Pazar Postası İçkinin üstadı, rakının ansiklopedisini yazdı...
Paylaş
İçkinin üstadı, rakının ansiklopedisini yazdı...

İçkinin üstadı, rakının ansiklopedisini yazdı...

Vefa Zat Türkiye’nin en eski barmenlerinden. 70 yaşındaki Vefa Bey, içki kültürüne çocuk yaşlarda meraklanmış. İlk olarak mahalle meyhanesinde komi olarak çalışmış. Annesi karşı çıkınca, İstanbul’un en ünlü barlarının yer aldığı, dönemin eğlence merkezi Hilton Oteli’ne girmiş. Barmenliği İtalyan bir ustadan öğrenen Vefa Bey, İnönü’den Bayar’a, Kraliçe Elizabeth’ten Charles De Gaulle’e kadar birçok önemli isme hizmet etmiş. İçkinin üstadı Hilton’da geçirdiği günleri dün gibi hatırlıyor ve şöyle anlatıyor “Adnan Menderes viskiyi, Erol Simavi öğle rakısını severdi. Erol Bey’in bir zamanlar aşk yaşadığı Taşbebek Gönül Yazar’a da özel ‘Gönül kokteyli’ adında bir içki hazırlardık. Erol Simavi’nin eşi Belma Hanım’ın da bardağı barda hep hazırdı. O da viskisini balonumsu goblet bardağında içerdi”. Hilton’dan emekli olduktan sonra eğlence ve içki kültürü hakkında 14 kitap yazan Vefa Zat şimdilerde ünlü bir içki markasının rakı proje danışmanlığını yapıyor. Yakında kuvvetli bir ekiple Rakı Ansiklopedisi’nde de imzasını göreceğimiz Vefa Zat’la evinde buluştuk, 4-11 Aralık’taki Rakı Haftası’nı kutladık!

Merve Özaytekin

mozaytekin@posta.com.tr

Siz Türkiye’nin en eski barmenlerindensiniz. İçkiye merak aileden mi geliyor?

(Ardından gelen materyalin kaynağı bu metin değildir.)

lemma
  assumes "1 \<le> e" "e \<le> length X" "1 \<le> r"
  shows in_diag_delete_row: "in_diag (delete_row e X) r c = in_diag X (orig_row e r) c"
    and ent_delete_row: "ent (delete_row e X) r c = ent X (orig_row e r) c"
proof -
  have len: "length (delete_row e X) = length X - 1"
    using assms by (simp add: delete_row_def)
  have nth: "delete_row e X ! k = X ! (if k < e - 1 then k else Suc k)"
    if "k < length (delete_row e X)" for k
    using assms that by (auto simp: delete_row_def nth_append min_def)
  show cell: "in_diag (delete_row e X) r c = in_diag X (orig_row e r) c"
    using assms len nth[of "r - 1"] by (auto simp: in_diag_def orig_row_def)
  show "ent (delete_row e X) r c = ent X (orig_row e r) c"
    using assms len nth[of "r - 1"] cell by (auto simp: ent_def in_diag_def orig_row_def)
qed

section \<open>Semistandard reverse composition tableaux\<close>

lemma is_SSRCT_I:
  assumes "\<And>r. 1 \<le> r \<Longrightarrow> r \<le> length X \<Longrightarrow> in_diag X r 1"
    and "\<And>r c. in_diag X r c \<Longrightarrow> 0 < ent X r c"
    and "\<And>r c. 1 \<le> c \<Longrightarrow> in_diag X r (Suc c) \<Longrightarrow> ent X r (Suc c) \<le> ent X r c"
    and "\<And>r. 1 \<le> r \<Longrightarrow> r < length X \<Longrightarrow> ent X r 1 < ent X (Suc r) 1"
    and "\<And>r s c. 1 \<le> c \<Longrightarrow> r < s \<Longrightarrow> in_diag X s (Suc c) \<Longrightarrow> in_diag X r c \<Longrightarrow>
        ent X s (Suc c) \<le> ent X r c \<Longrightarrow> in_diag X r (Suc c) \<and> ent X s (Suc c) < ent X r (Suc c)"
  shows "is_SSRCT X"
proof -
  have "\<forall>row\<in>set X. row \<noteq> []"
  proof
    fix row assume "row \<in> set X"
    then obtain k where k: "k < length X" "row = X ! k" by (auto simp: in_set_conv_nth)
    thus "row \<noteq> []" using assms(1)[of "Suc k"] by (auto simp: in_diag_def)
  qed
  moreover have "\<forall>row\<in>set X. \<forall>x\<in>set row. 0 < x"
  proof (intro ballI)
    fix row y assume "row \<in> set X" "y \<in> set row"
    then obtain k j where k: "k < length X" "row = X ! k" "j < length row" "y = row ! j"
      by (auto simp: in_set_conv_nth)
    hence "in_diag X (Suc k) (Suc j)" by (simp add: in_diag_def)
    thus "0 < y" using assms(2)[of "Suc k" "Suc j"] k by (simp add: ent_def)
  qed
  moreover have "\<forall>r s c. 1 \<le> c \<and> r < s \<and> in_diag X s (c + 1) \<and> in_diag X r c \<and>
        ent X s (c + 1) \<le> ent X r c \<longrightarrow> in_diag X r (c + 1) \<and> ent X s (c + 1) < ent X r (c + 1)"
  proof (intro allI impI)
    fix r s c
    assume "1 \<le> c \<and> r < s \<and> in_diag X s (c + 1) \<and> in_diag X r c \<and> ent X s (c + 1) \<le> ent X r c"
    thus "in_diag X r (c + 1) \<and> ent X s (c + 1) < ent X r (c + 1)" using assms(5)[of c r s] by simp
  qed
  moreover have "\<forall>r c. 1 \<le> c \<and> in_diag X r (c + 1) \<longrightarrow> ent X r (c + 1) \<le> ent X r c"
    using assms(3) by simp
  moreover have "\<forall>r. 1 \<le> r \<and> r < length X \<longrightarrow> ent X r 1 < ent X (r + 1) 1"
    using assms(4) by simp
  ultimately show ?thesis unfolding is_SSRCT_def by blast
qed

context
  fixes X :: tableau
  assumes SSRCT: "is_SSRCT X"
begin

lemma SSRCT_row_decreasing:
  "in_diag X r (Suc c) \<Longrightarrow> 1 \<le> c \<Longrightarrow> ent X r (Suc c) \<le> ent X r c"
  using SSRCT[unfolded is_SSRCT_def, THEN conjunct2, THEN conjunct2, THEN conjunct1, rule_format, of c r]
  by simp

lemma SSRCT_first_col_step:
  "1 \<le> r \<Longrightarrow> r < length X \<Longrightarrow> ent X r 1 < ent X (Suc r) 1"
  using SSRCT[unfolded is_SSRCT_def, THEN conjunct2, THEN conjunct2, THEN conjunct2, THEN conjunct1,
      rule_format, of r]
  by simp

lemma SSRCT_triple:
  "1 \<le> c \<Longrightarrow> r < s \<Longrightarrow> in_diag X s (Suc c) \<Longrightarrow> in_diag X r c \<Longrightarrow>
   ent X s (Suc c) \<le> ent X r c \<Longrightarrow> in_diag X r (Suc c) \<and> ent X s (Suc c) < ent X r (Suc c)"
  using SSRCT[unfolded is_SSRCT_def, THEN conjunct2, THEN conjunct2, THEN conjunct2, THEN conjunct2,
      rule_format, of c r s]
  by simp

lemma SSRCT_ent_pos:
  assumes "in_diag X r c"
  shows "0 < ent X r c"
proof -
  have "X ! (r - 1) \<in> set X" "X ! (r - 1) ! (c - 1) \<in> set (X ! (r - 1))"
    using assms by (auto simp: in_diag_def)
  thus ?thesis using SSRCT assms unfolding is_SSRCT_def ent_def by auto
qed

lemma SSRCT_ent_pos_iff: "0 < ent X r c \<longleftrightarrow> in_diag X r c"
  using SSRCT_ent_pos ent_outside by (metis less_irrefl)

lemma SSRCT_in_diag_first_col:
  assumes "1 \<le> r" "r \<le> length X"
  shows "in_diag X r 1"
proof -
  have "X ! (r - 1) \<noteq> []" using SSRCT assms by (simp add: is_SSRCT_def)
  thus ?thesis using assms by (simp add: in_diag_def Suc_le_eq)
qed

lemma SSRCT_first_col_strict_mono:
  "1 \<le> r \<Longrightarrow> r < s \<Longrightarrow> s \<le> length X \<Longrightarrow> ent X r 1 < ent X s 1"
proof (induction s rule: less_induct)
  case (less s)
  show ?case
  proof (cases "Suc r = s")
    case True thus ?thesis using SSRCT_first_col_step less by auto
  next
    case False
    then obtain s' where s: "s = Suc s'" "r < s'" using less by (cases s) auto
    have "ent X r 1 < ent X s' 1" using less s by auto
    also have "\<dots> < ent X s 1" using SSRCT_first_col_step[of s'] s less by auto
    finally show ?thesis .
  qed
qed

Babam Bektaşi felsefesini benimserdi, hatta tutkunuydu da denilebilir. Ben de Bektaşi felsefesiyle büyüdüm. Ailede içki içilirdi. Babam ağabeyimle
birlikte çocuk patikleri yapıyordu. Annem de öğretmendi. Bense okul tatilinde babam ve ağabeyime yardım ediyordum.

Çocukluğunuza dair neler hatırlıyorsunuz?

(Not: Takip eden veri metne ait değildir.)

lemma RLL_neighbourhood:
  "language full_shift n \<inter> (\<Union>x\<in>language (RLL k) n. hball r x)
    = {w. length w = n \<and> rll_flips k 0 w \<le> r}"
proof (rule set_eqI, rule iffI)
  fix w assume "w \<in> language full_shift n \<inter> (\<Union>x\<in>language (RLL k) n. hball r x)"
  then obtain v where w: "length w = n" and v: "length v = n" "rll_word k v"
    and close: "hamming v w \<le> r"
    unfolding full_shift_def language_UNIV language_RLL hball_def by auto
  have "rll_flips k 0 w \<le> hamming v w"
    using rll_flips_le_hamming[of 0 k v w] v w hamming_commute[of v w] by simp
  then show "w \<in> {w. length w = n \<and> rll_flips k 0 w \<le> r}"
    using close w by simp
next
  fix w assume "w \<in> {w. length w = n \<and> rll_flips k 0 w \<le> r}"
  then have w: "length w = n" and flips: "rll_flips k 0 w \<le> r"
    by auto
  have "hamming (rll_repair k 0 w) w = rll_flips k 0 w"
    using hamming_rll_repair[of w k 0] hamming_commute[of w] by simp
  then have "w \<in> hball r (rll_repair k 0 w)"
    using flips unfolding hball_def by simp
  moreover have "rll_repair k 0 w \<in> language (RLL k) n"
    using w rll_word_rll_repair[of 0 k w] unfolding language_RLL by simp
  ultimately show "w \<in> language full_shift n \<inter> (\<Union>x\<in>language (RLL k) n. hball r x)"
    using w unfolding full_shift_def language_UNIV by blast
qed

section \<open>Quantiles of concentrated statistics\<close>

definition quantile :: "real \<Rightarrow> 'a pmf \<Rightarrow> ('a \<Rightarrow> nat) \<Rightarrow> nat" where
  "quantile \<epsilon> p X = (LEAST r. 1 - \<epsilon> \<le> measure_pmf.prob p {w. X w \<le> r})"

Samatya’da denize sıfır bir evde oturuyorduk. O yıllarda Samatya renkli eğlencelerin merkeziydi. Benim de aklım hep eğlencedeydi. Kaytarmak için işten kaçardım. Bir gün mahalle arkadaşlarımdan biri ‘Pazar meydanındaki bir meyhane komi arıyor’ deyince kendimi 12 yaşında Samatya’da bir meyhanede çalışırken buldum.

Nasıl bir meyhaneydi?

Salaş, bohem, yarı bakımsız, eksikleri çok olan bir meyhaneydi. Bugünün en kötü meyhanesi, o zamanın en iyi, en lüks meyhanesiydi. Bugünle kıyaslanamaz çünkü o dönemde her yer böyleydi.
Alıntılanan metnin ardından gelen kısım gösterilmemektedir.